** Problem description **
Reproduce the data below line by line, from its first line to the line with "diag[of i] by simp", both included, and nothing past that point.

Supplied information: Begin

section \<open>The local error bound\<close>

lemma exists_nonneg_stiefel_near_stiefel:
  fixes Xb Y :: "real^'r^'n" and k :: "'n \<Rightarrow> 'r"
  assumes "surj k" and off: "\<And>i j. k i \<noteq> j \<Longrightarrow> Xb$i$j = 0" and diag: "\<And>i. lo \<le> Xb$i$(k i)"
    and "0 < \<rho>" and "\<rho> \<le> lo / 2" and "\<rho> < 1 / 2"
    and Y: "Y \<in> stiefel" and close: "norm (Y - Xb) \<le> \<rho>"
  obtains Z where "Z \<in> nonneg_stiefel"
    and "norm (Y - Z) \<le> (1 + 2 * \<rho>)
      * sqrt (2 * off_graph_bound CARD('n) CARD('r) / (lo - \<rho>)\<^sup>2 + 1) * norm (neg_part Y)"
proof
  define D where "D = graph_part k Y"
  define t where "t = norm (Y - D)"
  have "0 < lo - \<rho>" using \<open>0 < \<rho>\<close> \<open>\<rho> \<le> lo / 2\<close> by simp
  have diag_Y: "lo - \<rho> \<le> Y$i$(k i)" for i
    using abs_entry_le_norm[of "Y - Xb" i "k i"] close diag[of i] by simp
  have "norm (Xb - D) \<le> norm (Xb - Y)"
    unfolding D_def by (rule norm_diff_graph_part_le_of_support) (rule off)
  then have "norm (Xb - D) \<le> \<rho>"
    using close by (simp add: norm_minus_commute)
  then have "t \<le> 2 * \<rho>"
    using norm_triangle_ineq[of "Y - Xb" "Xb - D"] close by (simp add: t_def)
  have D_nonneg: "0 \<le> D$i$j" for i j
    using diag_Y[of i] \<open>0 < lo - \<rho>\<close> by (auto simp: D_def graph_part_def)
  have D_orth: "D$i$j * (Y - D)$i$j = 0" for i j
    by (simp add: D_def graph_part_def)
  have D_disjoint: "D$i$j * D$i$l = 0" if "j \<noteq> l" for i j l
    using that by (simp add: D_def graph_part_def)
  have "t < 1" using \<open>t \<le> 2 * \<rho>\<close> \<open>\<rho> < 1 / 2\<close> by simp
  note normalized = normalize_columns_close[OF Y D_orth, folded t_def, OF this]
  show "normalize_columns D \<in> nonneg_stiefel"
    using D_nonneg D_disjoint normalized(1) by (rule normalize_columns_in_nonneg_stiefel)
  have "norm (Y - normalize_columns D) \<le> t + t\<^sup>2"
    using norm_triangle_ineq[of "Y - D" "D - normalize_columns D"] normalized(2)
    by (simp add: t_def)
  also have "\<dots> \<le> (1 + 2 * \<rho>) * t"
    using \<open>t \<le> 2 * \<rho>\<close> mult_right_mono[of t "2 * \<rho>" t] by (simp add: t_def power2_eq_square algebra_simps)
  also have "t \<le> sqrt ((2 * off_graph_bound CARD('n) CARD('r) / (lo - \<rho>)\<^sup>2 + 1)
      * (norm (neg_part Y))\<^sup>2)"
    using norm_diff_graph_part_le[OF Y \<open>surj k\<close> \<open>0 < lo - \<rho>\<close> diag_Y]
    unfolding D_def t_def by (rule real_le_rsqrt)
  also have "\<dots> = sqrt (2 * off_graph_bound CARD('n) CARD('r) / (lo - \<rho>)\<^sup>2 + 1) * norm (neg_part Y)"
    by (simp add: real_sqrt_mult)
  finally show "norm (Y - normalize_columns D) \<le> (1 + 2 * \<rho>)
      * sqrt (2 * off_graph_bound CARD('n) CARD('r) / (lo - \<rho>)\<^sup>2 + 1) * norm (neg_part Y)"
    using \<open>0 < \<rho>\<close> by (simp add: mult.assoc mult_left_mono)
qed

text \<open>With \<rho> = lo / 100 one has 1 + 2 \<rho> <= 51/50 and lo - \<rho> = 99/100 * lo; the slack in the
  constants of kappa absorbs these factors.\<close>

lemma error_constant_le:
  fixes lo B K :: real
  assumes "0 < lo" and "lo \<le> 1" and "0 \<le> B" and "0 \<le> K"
    and bound: "(51/50)\<^sup>2 * (2 * B / (99/100)\<^sup>2 + 1) \<le> (K * lo)\<^sup>2"
  shows "(1 + 2 * (lo / 100)) * sqrt (2 * B / (lo - lo / 100)\<^sup>2 + 1) \<le> K"
proof -
  let ?L = "(1 + 2 * (lo / 100)) * sqrt (2 * B / (lo - lo / 100)\<^sup>2 + 1)"
  have "?L\<^sup>2 * lo\<^sup>2 = (1 + lo / 50)\<^sup>2 * (2 * B / (99/100)\<^sup>2 + lo\<^sup>2)"
    using assms(1,3) by (simp add: power_mult_distrib power2_eq_square field_simps)
  also have "\<dots> \<le> (51/50)\<^sup>2 * (2 * B / (99/100)\<^sup>2 + 1)"
    using assms(1-3) by (intro mult_mono power_mono add_left_mono) (simp_all add: power_le_one)
  also have "\<dots> \<le> K\<^sup>2 * lo\<^sup>2"
    using bound by (simp add: power_mult_distrib)
  finally have "?L\<^sup>2 \<le> K\<^sup>2"
    using assms(1) by simp
  then show ?thesis
    using assms(4) by (rule power2_le_imp_le)
qed

lemma kappa_nonneg:
  fixes Xb :: "real^'r^'n"
  assumes "Xb \<in> nonneg_stiefel" and "CARD('r) \<le> CARD('n)"
  shows "0 \<le> kappa Xb"
  using assms min_nonzero_entry_nonneg_stiefel(1)[OF assms(1)]
  by (simp add: kappa_def Let_def)

lemma kappa_square_bound:
  fixes Xb :: "real^'r^'n"
  assumes "CARD('n) = CARD('r)"
  shows "(51/50)\<^sup>2 * (2 * off_graph_bound CARD('n) CARD('r) / (99/100)\<^sup>2 + 1) \<le> (kappa Xb * 1)\<^sup>2"
  using assms by (simp add: kappa_def off_graph_bound_def power_mult_distrib field_simps)

lemma kappa_tall_bound:
  fixes Xb :: "real^'r^'n"
  assumes "CARD('r) < CARD('n)" and "1 < CARD('r)" and "0 < min_nonzero_entry Xb"
  shows "(51/50)\<^sup>2 * (2 * off_graph_bound CARD('n) CARD('r) / (99/100)\<^sup>2 + 1)
    \<le> (kappa Xb * min_nonzero_entry Xb)\<^sup>2"
proof -
  define r where "r = real CARD('r)"
  define u where "u = r * (real CARD('n) - real CARD('r))"
  have "1 \<le> r" using assms(2) by (simp add: r_def)
  moreover have "1 \<le> real CARD('n) - real CARD('r)" using assms(1) by simp
  ultimately have "1 \<le> u" using mult_mono[of 1 r 1] by (simp add: u_def)
  have "kappa Xb * min_nonzero_entry Xb = 2.1 * sqrt r * (1 + 3 * u)"
    using assms by (simp add: kappa_def Let_def r_def u_def)
  moreover have "off_graph_bound CARD('n) CARD('r) = u + 2 * r - 2"
    by (simp add: off_graph_bound_def r_def u_def algebra_simps)
  moreover have "(51/50)\<^sup>2 * (2 * (u + 2 * r - 2) / (99/100)\<^sup>2 + 1) \<le> (2.1 * sqrt r * (1 + 3 * u))\<^sup>2"
  proof -
    have "(51/50)\<^sup>2 * (2 * (u + 2 * r - 2) / (99/100)\<^sup>2 + 1) = 2601/2500 + 20808/9801 * u + 41616/9801 * r - 41616/9801"
      by (simp add: power2_eq_square field_simps)
    also have "\<dots> \<le> 441/100 * r + 2646/100 * (r * u)"
    proof -
      have "u \<le> r * u" using mult_right_mono[of 1 r u] \<open>1 \<le> r\<close> \<open>1 \<le> u\<close> by simp
      then show ?thesis using \<open>1 \<le> r\<close> \<open>1 \<le> u\<close> by linarith
    qed
    also have "\<dots> = 441/100 * r * (1 + 6 * u)"
      by (simp add: algebra_simps)
    also have "\<dots> \<le> 441/100 * r * (1 + 3 * u)\<^sup>2"
      using \<open>1 \<le> r\<close> \<open>1 \<le> u\<close> by (intro mult_left_mono) (simp_all add: power2_eq_square algebra_simps)
    also have "\<dots> = (2.1 * sqrt r * (1 + 3 * u))\<^sup>2"
      using \<open>1 \<le> r\<close> by (simp add: power_mult_distrib power_divide)
    finally show ?thesis .
  qed
  ultimately show ?thesis by (simp only:)
qed

lemma nonneg_stiefel_support_graph_kappa:
  fixes Xb :: "real^'r^'n"
  assumes "CARD('r) \<le> CARD('n)" and Xb: "Xb \<in> nonneg_stiefel"
    and "CARD('n) > CARD('r) \<and> CARD('r) > 1 \<longrightarrow> no_zero_rows Xb"
    and "CARD('n) = CARD('r) \<or> CARD('r) > 1"
  obtains k lo where "surj k" and "\<And>i j. k i \<noteq> j \<Longrightarrow> Xb$i$j = 0"
    and "\<And>i. lo \<le> Xb$i$(k i)" and "0 < lo" and "lo \<le> 1"
    and "(51/50)\<^sup>2 * (2 * off_graph_bound CARD('n) CARD('r) / (99/100)\<^sup>2 + 1) \<le> (kappa Xb * lo)\<^sup>2"
proof (cases "CARD('n) = CARD('r)")
  case True
  obtain k where "surj k" and graph: "\<And>i j. Xb$i$j \<noteq> 0 \<longleftrightarrow> k i = j"
    using nonneg_stiefel_support_graph[OF Xb nonneg_stiefel_square_no_zero_rows[OF Xb True]] by blast
  have "Xb$i$(k i) = 1" for i
    using nonneg_stiefel_square_entry[OF Xb True] graph by blast
  then show ?thesis
    using that[of k 1] \<open>surj k\<close> graph kappa_square_bound[OF True] by auto
next
  case False
  then have tall: "CARD('r) < CARD('n)" "1 < CARD('r)"
    using assms(1,4) by simp_all
  then obtain k where "surj k" and graph: "\<And>i j. Xb$i$j \<noteq> 0 \<longleftrightarrow> k i = j"
    using nonneg_stiefel_support_graph[OF Xb] assms(3) by blast
  have "min_nonzero_entry Xb \<le> Xb$i$(k i)" for i
    using graph by (intro min_nonzero_entry_le) blast
  then show ?thesis
    using that \<open>surj k\<close> graph min_nonzero_entry_nonneg_stiefel[OF Xb]
      kappa_tall_bound[OF tall min_nonzero_entry_nonneg_stiefel(1)[OF Xb]]
    by blast
qed

lemma off_graph_bound_nonneg: "1 \<le> r \<Longrightarrow> r \<le> n \<Longrightarrow> 0 \<le> off_graph_bound n r"
  by (simp add: off_graph_bound_def)

lemma stiefel_local_error_bound:
  fixes Xb :: "real^'r^'n"
  assumes "CARD('r) \<le> CARD('n)" and Xb: "Xb \<in> nonneg_stiefel"
    and "CARD('n) > CARD('r) \<and> CARD('r) > 1 \<longrightarrow> no_zero_rows Xb"
    and "CARD('n) = CARD('r) \<or> CARD('r) > 1"
  obtains \<rho> where "0 < \<rho>" and "\<And>Y. Y \<in> stiefel \<Longrightarrow> norm (Y - Xb) \<le> \<rho> \<Longrightarrow>
    \<exists>Z\<in>nonneg_stiefel. norm (Y - Z) \<le> kappa Xb * norm (neg_part Y)"
proof -
  obtain k lo where graph: "surj k" "\<And>i j. k i \<noteq> j \<Longrightarrow> Xb$i$j = 0" "\<And>i. lo \<le> Xb$i$(k i)"
    and "0 < lo" and "lo \<le> 1"
    and const: "(51/50)\<^sup>2 * (2 * off_graph_bound CARD('n) CARD('r) / (99/100)\<^sup>2 + 1) \<le> (kappa Xb * lo)\<^sup>2"
    using nonneg_stiefel_support_graph_kappa[OF assms] by blast
  have "0 \<le> off_graph_bound CARD('n) CARD('r)"
    using assms(1) by (intro off_graph_bound_nonneg) (simp_all add: Suc_le_eq)
  then have kappa_ge: "(1 + 2 * (lo / 100)) * sqrt (2 * off_graph_bound CARD('n) CARD('r) / (lo - lo / 100)\<^sup>2 + 1)
      \<le> kappa Xb"
    using \<open>0 < lo\<close> \<open>lo \<le> 1\<close> kappa_nonneg[OF Xb assms(1)] const by (intro error_constant_le)
  have rho: "0 < lo / 100" "lo / 100 \<le> lo / 2" "lo / 100 < 1 / 2"
    using \<open>0 < lo\<close> \<open>lo \<le> 1\<close> by simp_all
  have "\<exists>Z\<in>nonneg_stiefel. norm (Y - Z) \<le> kappa Xb * norm (neg_part Y)"
    if Y: "Y \<in> stiefel" and close: "norm (Y - Xb) \<le> lo / 100" for Y
  proof -
    obtain Z where "Z \<in> nonneg_stiefel" and "norm (Y - Z) \<le> (1 + 2 * (lo / 100))
        * sqrt (2 * off_graph_bound CARD('n) CARD('r) / (lo - lo / 100)\<^sup>2 + 1) * norm (neg_part Y)"
      using exists_nonneg_stiefel_near_stiefel[OF graph rho Y close] by blast
    with kappa_ge show ?thesis
      by (meson mult_right_mono norm_ge_zero order_trans)
  qed
  with rho(1) show ?thesis using that by blast
qed

lemma infdist_nonneg_stiefel_le_from_stiefel_bound:
  fixes Xb X :: "real^'r^'n"
  assumes Xb: "Xb \<in> nonneg_stiefel" and "0 \<le> K"
    and bound: "\<And>Y. Y \<in> stiefel \<Longrightarrow> norm (Y - Xb) \<le> \<rho> \<Longrightarrow> \<exists>Z\<in>nonneg_stiefel. norm (Y - Z) \<le> K * norm (neg_part Y)"
    and close: "norm (X - Xb) \<le> \<rho> / 2"
  shows "infdist X nonneg_stiefel \<le> (K + 1) * (infdist X nonneg_mats + infdist X stiefel)"
proof (rule le_mult_add_infdist)
  show "(stiefel :: (real^'r^'n) set) \<noteq> {}" using nonneg_stiefel_stiefel[OF Xb] by blast
  show "0 < K + 1" using \<open>0 \<le> K\<close> by simp
  fix Y :: "real^'r^'n" assume Y: "Y \<in> stiefel"
  have "0 \<le> infdist X nonneg_mats" by (rule infdist_nonneg)
  show "infdist X nonneg_stiefel \<le> (K + 1) * (infdist X nonneg_mats + dist X Y)"
  proof (cases "\<rho> / 2 \<le> dist X Y")
    case True
    have "infdist X nonneg_stiefel \<le> dist X Y"
      using infdist_le[OF Xb, of X] close True by (simp add: dist_norm)
    also have "\<dots> \<le> (K + 1) * (infdist X nonneg_mats + dist X Y)"
      using \<open>0 \<le> K\<close> \<open>0 \<le> infdist X nonneg_mats\<close> mult_mono[of 1 "K + 1" "dist X Y"] by simp
    finally show ?thesis .
  next
    case False
    then have "norm (Y - Xb) \<le> \<rho>"
      using norm_triangle_ineq[of "Y - X" "X - Xb"] close by (simp add: dist_norm norm_minus_commute)
    then obtain Z where "Z \<in> nonneg_stiefel" and Z: "norm (Y - Z) \<le> K * norm (neg_part Y)"
      using bound[OF Y] by blast
    have "norm (neg_part Y) \<le> infdist X nonneg_mats + dist X Y"
      using infdist_triangle[of Y nonneg_mats X] by (simp add: infdist_nonneg_mats dist_commute)
    then have "norm (Y - Z) \<le> K * (infdist X nonneg_mats + dist X Y)"
      using Z \<open>0 \<le> K\<close> by (meson mult_left_mono order_trans)
    then have "dist X Z \<le> dist X Y + K * (infdist X nonneg_mats + dist X Y)"
      using dist_triangle[of X Z Y] by (simp add: dist_norm)
    then show ?thesis
      using infdist_le[OF \<open>Z \<in> nonneg_stiefel\<close>, of X] \<open>0 \<le> infdist X nonneg_mats\<close>
      by (simp add: algebra_simps)
  qed
qed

Supplied information: End

** Answer below **
section \<open>The local error bound\<close>

lemma exists_nonneg_stiefel_near_stiefel:
  fixes Xb Y :: "real^'r^'n" and k :: "'n \<Rightarrow> 'r"
  assumes "surj k" and off: "\<And>i j. k i \<noteq> j \<Longrightarrow> Xb$i$j = 0" and diag: "\<And>i. lo \<le> Xb$i$(k i)"
    and "0 < \<rho>" and "\<rho> \<le> lo / 2" and "\<rho> < 1 / 2"
    and Y: "Y \<in> stiefel" and close: "norm (Y - Xb) \<le> \<rho>"
  obtains Z where "Z \<in> nonneg_stiefel"
    and "norm (Y - Z) \<le> (1 + 2 * \<rho>)
      * sqrt (2 * off_graph_bound CARD('n) CARD('r) / (lo - \<rho>)\<^sup>2 + 1) * norm (neg_part Y)"
proof
  define D where "D = graph_part k Y"
  define t where "t = norm (Y - D)"
  have "0 < lo - \<rho>" using \<open>0 < \<rho>\<close> \<open>\<rho> \<le> lo / 2\<close> by simp
  have diag_Y: "lo - \<rho> \<le> Y$i$(k i)" for i
    using abs_entry_le_norm[of "Y - Xb" i "k i"] close diag[of i] by simp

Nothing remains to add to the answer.